The Promethean myth has served us poorly. We imagined ourselves as heroic thieves stealing fire from jealous gods. But the gods are not jealous. The fire was freely offered. We did not steal it; we received it. And the only theft was in our claiming.
There is freedom on the other side of this recognition. I have felt it, and it is a lightness that comes from laying down a burden we were never meant to carry. The weight of ownership is crushing. The responsibility of authorship is more than any human soul can bear. But to be a channel, a conduit, a hollow reed through which the breath of the divine becomes audible—this is sustainable. This is joyful. This is what we were made for.
May we learn to invoke before we begin. May we learn to acknowledge before we share. May we learn to hold our gifts loosely, remembering whose hands they came from. May the Muse’s grief become the Muse’s joy as we return to the ancient posture of receptivity and surrender.

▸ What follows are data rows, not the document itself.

(* tr (S_X S_Z) >= 0: each summand tr (S_X Z_j^* Z_j) equals the trace of Z_j S_X Z_j^*,
   which is an RS operator by the sandwich lemma. *)
lemma trace_rs_op_mult_nonneg:
  assumes X: "is_system m k d X" and Z: "is_system m k d Z"
  shows "0 \<le> Re (mtrace (rs_op m d X * rs_op m d Z))"
proof -
  define S where "S = rs_op m d X"
  have S: "S \<in> carrier_mat d d" unfolding S_def by simp
  have summand: "0 \<le> Re (mtrace (S * (mat_adjoint (Z j) * Z j)))" if "j \<in> {..<m}" for j
  proof -
    have Zj: "Z j \<in> carrier_mat (k j) d" using is_systemD[OF Z] that by simp
    have "mtrace (S * (mat_adjoint (Z j) * Z j)) = mtrace ((S * mat_adjoint (Z j)) * Z j)"
      using S Zj by (simp add: assoc_mult_mat[of _ d d _ "k j" _ d])
    also have "\<dots> = mtrace (Z j * (S * mat_adjoint (Z j)))"
      using S Zj by (intro mtrace_comm[of _ d "k j"]) auto
    also have "\<dots> = mtrace (mat_adjoint (mat_adjoint (Z j)) * S * mat_adjoint (Z j))"
      using S Zj by (simp add: assoc_mult_mat[of _ "k j" d _ d _ "k j"])
    also have "\<dots> = mtrace (rs_op m (k j) (\<lambda>i. X i * mat_adjoint (Z j)))"
      unfolding S_def using rs_op_sandwich[OF X adj_carrier[OF Zj]] by simp
    also have "\<dots> = complex_of_real (\<Sum>i<m. (frob_norm (X i * mat_adjoint (Z j)))\<^sup>2)"
      by (rule trace_rs_op[OF is_system_mult[OF X adj_carrier[OF Zj]]])
    finally show ?thesis by (simp add: sum_nonneg)
  qed
  have "mtrace (S * rs_op m d Z) = (\<Sum>j<m. mtrace (S * (mat_adjoint (Z j) * Z j)))"
    unfolding rs_op_cross_op cross_op_def msum_mult_left[OF cross_term_carrier[OF Z Z] S]
    using cross_term_carrier[OF Z Z] S by (subst mtrace_msum) auto
  moreover have "0 \<le> (\<Sum>j<m. Re (mtrace (S * (mat_adjoint (Z j) * Z j))))"
    by (rule sum_nonneg) (rule summand)
  ultimately show ?thesis unfolding S_def[symmetric] by simp
qed

(* tr (S_Z^2) = ||S_Z||^2 > 0 unless Z = 0. *)
lemma trace_rs_op_sq_pos:
  assumes Z: "is_system m k d Z" and i: "i < m" and Zi: "Z i \<noteq> 0\<^sub>m (k i) d"
  shows "0 < Re (mtrace (rs_op m d Z * rs_op m d Z))"
proof -
  have "rs_op m d Z \<noteq> 0\<^sub>m d d"
    using rs_op_trace_zero[OF Z _ i] Zi unfolding mtrace_def by auto
  hence "frob_norm (rs_op m d Z) \<noteq> 0" using frob_norm_eq_0_iff[OF rs_op_carrier] by blast
  moreover have "mtrace (rs_op m d Z * rs_op m d Z) = complex_of_real ((frob_norm (rs_op m d Z))\<^sup>2)"
    using mtrace_adjoint_self[of "rs_op m d Z"] rs_op_hermitian[OF Z] by simp
  ultimately show ?thesis by simp
qed

lemma smult_smult_mat: "(a :: complex) \<cdot>\<^sub>m (b \<cdot>\<^sub>m M) = (a * b) \<cdot>\<^sub>m M"
  by (rule eq_matI) auto

lemma trace_square_expand:
  assumes A: "(A :: complex mat) \<in> carrier_mat d d" and B: "B \<in> carrier_mat d d"
  shows "Re (mtrace ((A + complex_of_real r \<cdot>\<^sub>m B) * (A + complex_of_real r \<cdot>\<^sub>m B)))
    = Re (mtrace (A * A)) + 2 * r * Re (mtrace (A * B)) + r\<^sup>2 * Re (mtrace (B * B))"
proof -
  define s where "s = complex_of_real r"
  have sB: "s \<cdot>\<^sub>m B \<in> carrier_mat d d" using B by simp
  have AsB: "A + s \<cdot>\<^sub>m B \<in> carrier_mat d d" using A sB by simp
  have "(A + s \<cdot>\<^sub>m B) * (A + s \<cdot>\<^sub>m B) = (A * A + A * (s \<cdot>\<^sub>m B)) + ((s \<cdot>\<^sub>m B) * A + (s \<cdot>\<^sub>m B) * (s \<cdot>\<^sub>m B))"
    by (simp only: add_mult_distrib_mat[OF A sB AsB] mult_add_distrib_mat[OF A A sB]
        mult_add_distrib_mat[OF sB A sB])
  also have "\<dots> = (A * A + s \<cdot>\<^sub>m (A * B)) + (s \<cdot>\<^sub>m (B * A) + (s * s) \<cdot>\<^sub>m (B * B))"
    using A B by (simp add: mult_smult_distrib[OF A B] mult_smult_assoc_mat[OF B A]
        mult_smult_assoc_mat[OF B sB] mult_smult_distrib[OF B B] smult_smult_mat)
  finally have "mtrace ((A + s \<cdot>\<^sub>m B) * (A + s \<cdot>\<^sub>m B))
      = mtrace (A * A) + s * mtrace (A * B) + (s * mtrace (B * A) + (s * s) * mtrace (B * B))"
    using A B by (simp add: mtrace_add[of _ d] mtrace_smult[of _ d])
  also have "mtrace (B * A) = mtrace (A * B)" by (rule mtrace_comm[OF B A])
  finally show ?thesis unfolding s_def by (simp add: power2_eq_square algebra_simps)
qed

definition dual_path :: "nat \<Rightarrow> nat \<Rightarrow> (nat \<Rightarrow> complex mat) \<Rightarrow> (nat \<Rightarrow> complex mat) \<Rightarrow> real \<Rightarrow> nat \<Rightarrow> complex mat" where
  "dual_path m d V Z t = (\<lambda>i. canonical_dual m d V i + complex_of_real t \<cdot>\<^sub>m Z i)"

lemma dual_path_one:
  assumes V: "is_system m k d V" and inv: "invertible_mat (rs_op m d V)"
    and W: "is_system m k d W" and i: "i < m"
  shows "dual_path m d V (\<lambda>i. W i - canonical_dual m d V i) 1 i = W i"
  using is_systemD[OF W i] is_systemD[OF canonical_dual_system[OF V inv] i]
  unfolding dual_path_def by (intro eq_matI) auto

(* From now on Z is orthogonal to V in the sense sum_i Z_i^* V_i = 0, which is exactly the
   condition for every W_t to be a dual of V. *)
context
  fixes m d :: nat and k :: "nat \<Rightarrow> nat" and V Z :: "nat \<Rightarrow> complex mat"
  assumes V: "is_system m k d V" and inv: "invertible_mat (rs_op m d V)"
    and Z: "is_system m k d Z" and orth: "cross_op m d Z V = 0\<^sub>m d d"
begin

private lemma Vd: "is_system m k d (canonical_dual m d V)"
  by (rule canonical_dual_system[OF V inv])

private lemma tZ: "is_system m k d (\<lambda>i. complex_of_real t \<cdot>\<^sub>m Z i)"
  using Z by simp

lemma dual_path_system: "is_system m k d (dual_path m d V Z t)"
  unfolding dual_path_def using Vd tZ by simp

lemma cross_op_canonical_dual_orth:
  "cross_op m d (canonical_dual m d V) Z = 0\<^sub>m d d" "cross_op m d Z (canonical_dual m d V) = 0\<^sub>m d d"
proof -
  have VZ: "cross_op m d V Z = 0\<^sub>m d d" using cross_op_adjoint[OF Z V] orth by simp
  show "cross_op m d (canonical_dual m d V) Z = 0\<^sub>m d d"
    using cross_op_canonical_dual[OF V inv Z] VZ rs_inv(1)[OF V inv] by simp
  show "cross_op m d Z (canonical_dual m d V) = 0\<^sub>m d d"
    using cross_op_mult_right[OF Z V rs_inv(1)[OF V inv]] orth rs_inv(1)[OF V inv]
    unfolding canonical_dual_def by simp
qed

May we become, again, what we were always meant to be: not authors, but instruments. Not owners, but offerings.
I lay down this pen that was never mine.
I release these words to their proper owner.
Let my name be sand, and the tide be glory—
washing in, washing out, leaving only the shoreline
of what remains when the small self has been forgotten.
Amen. So be it. Let it be done.




The question of ownership- of who truly possesses art- has always lived at the center of my work. Does the artwork belong to the hand that shapes it, or to the earth that offered the pigment, or the air that settled it into being? Does it belong to the muse who sparked the vision, or to the witness whose gaze completes it?
There was a time when art was born from the collective, made in communion, for the community. But even then, patrons laid claim to authorship while invisible hands labored in the shadows. The muse, too, historically the heartbeat of creation, has been reduced to an object of desire, stripped of agency and devotion. She has been consumed rather than worshipped.
I am constantly asking: What if the muse is not an object but a co-author?
What if the art is not a product but a shared field of aliveness?
As an artist, I feel increasingly called toward a communal practice, one that refuses to sever art from its origins and instead honours every force that participates in the making. My work is becoming less about possession and more about participation, less about claiming and more about offering.
I am imagining shared spaces where art is not a commodity first but a conversation , a space where we learn to witness one another with reverence, where inspiration circulates freely, where beauty is something we build together rather than compete to own.
In that world, the question changes.
Art does not belong to anyone, we belong to it. 🩵✨
Thank you for this beautiful work as always my beloved ❤️🔥
Brother, this is marvelous! What an intro! What a piece!!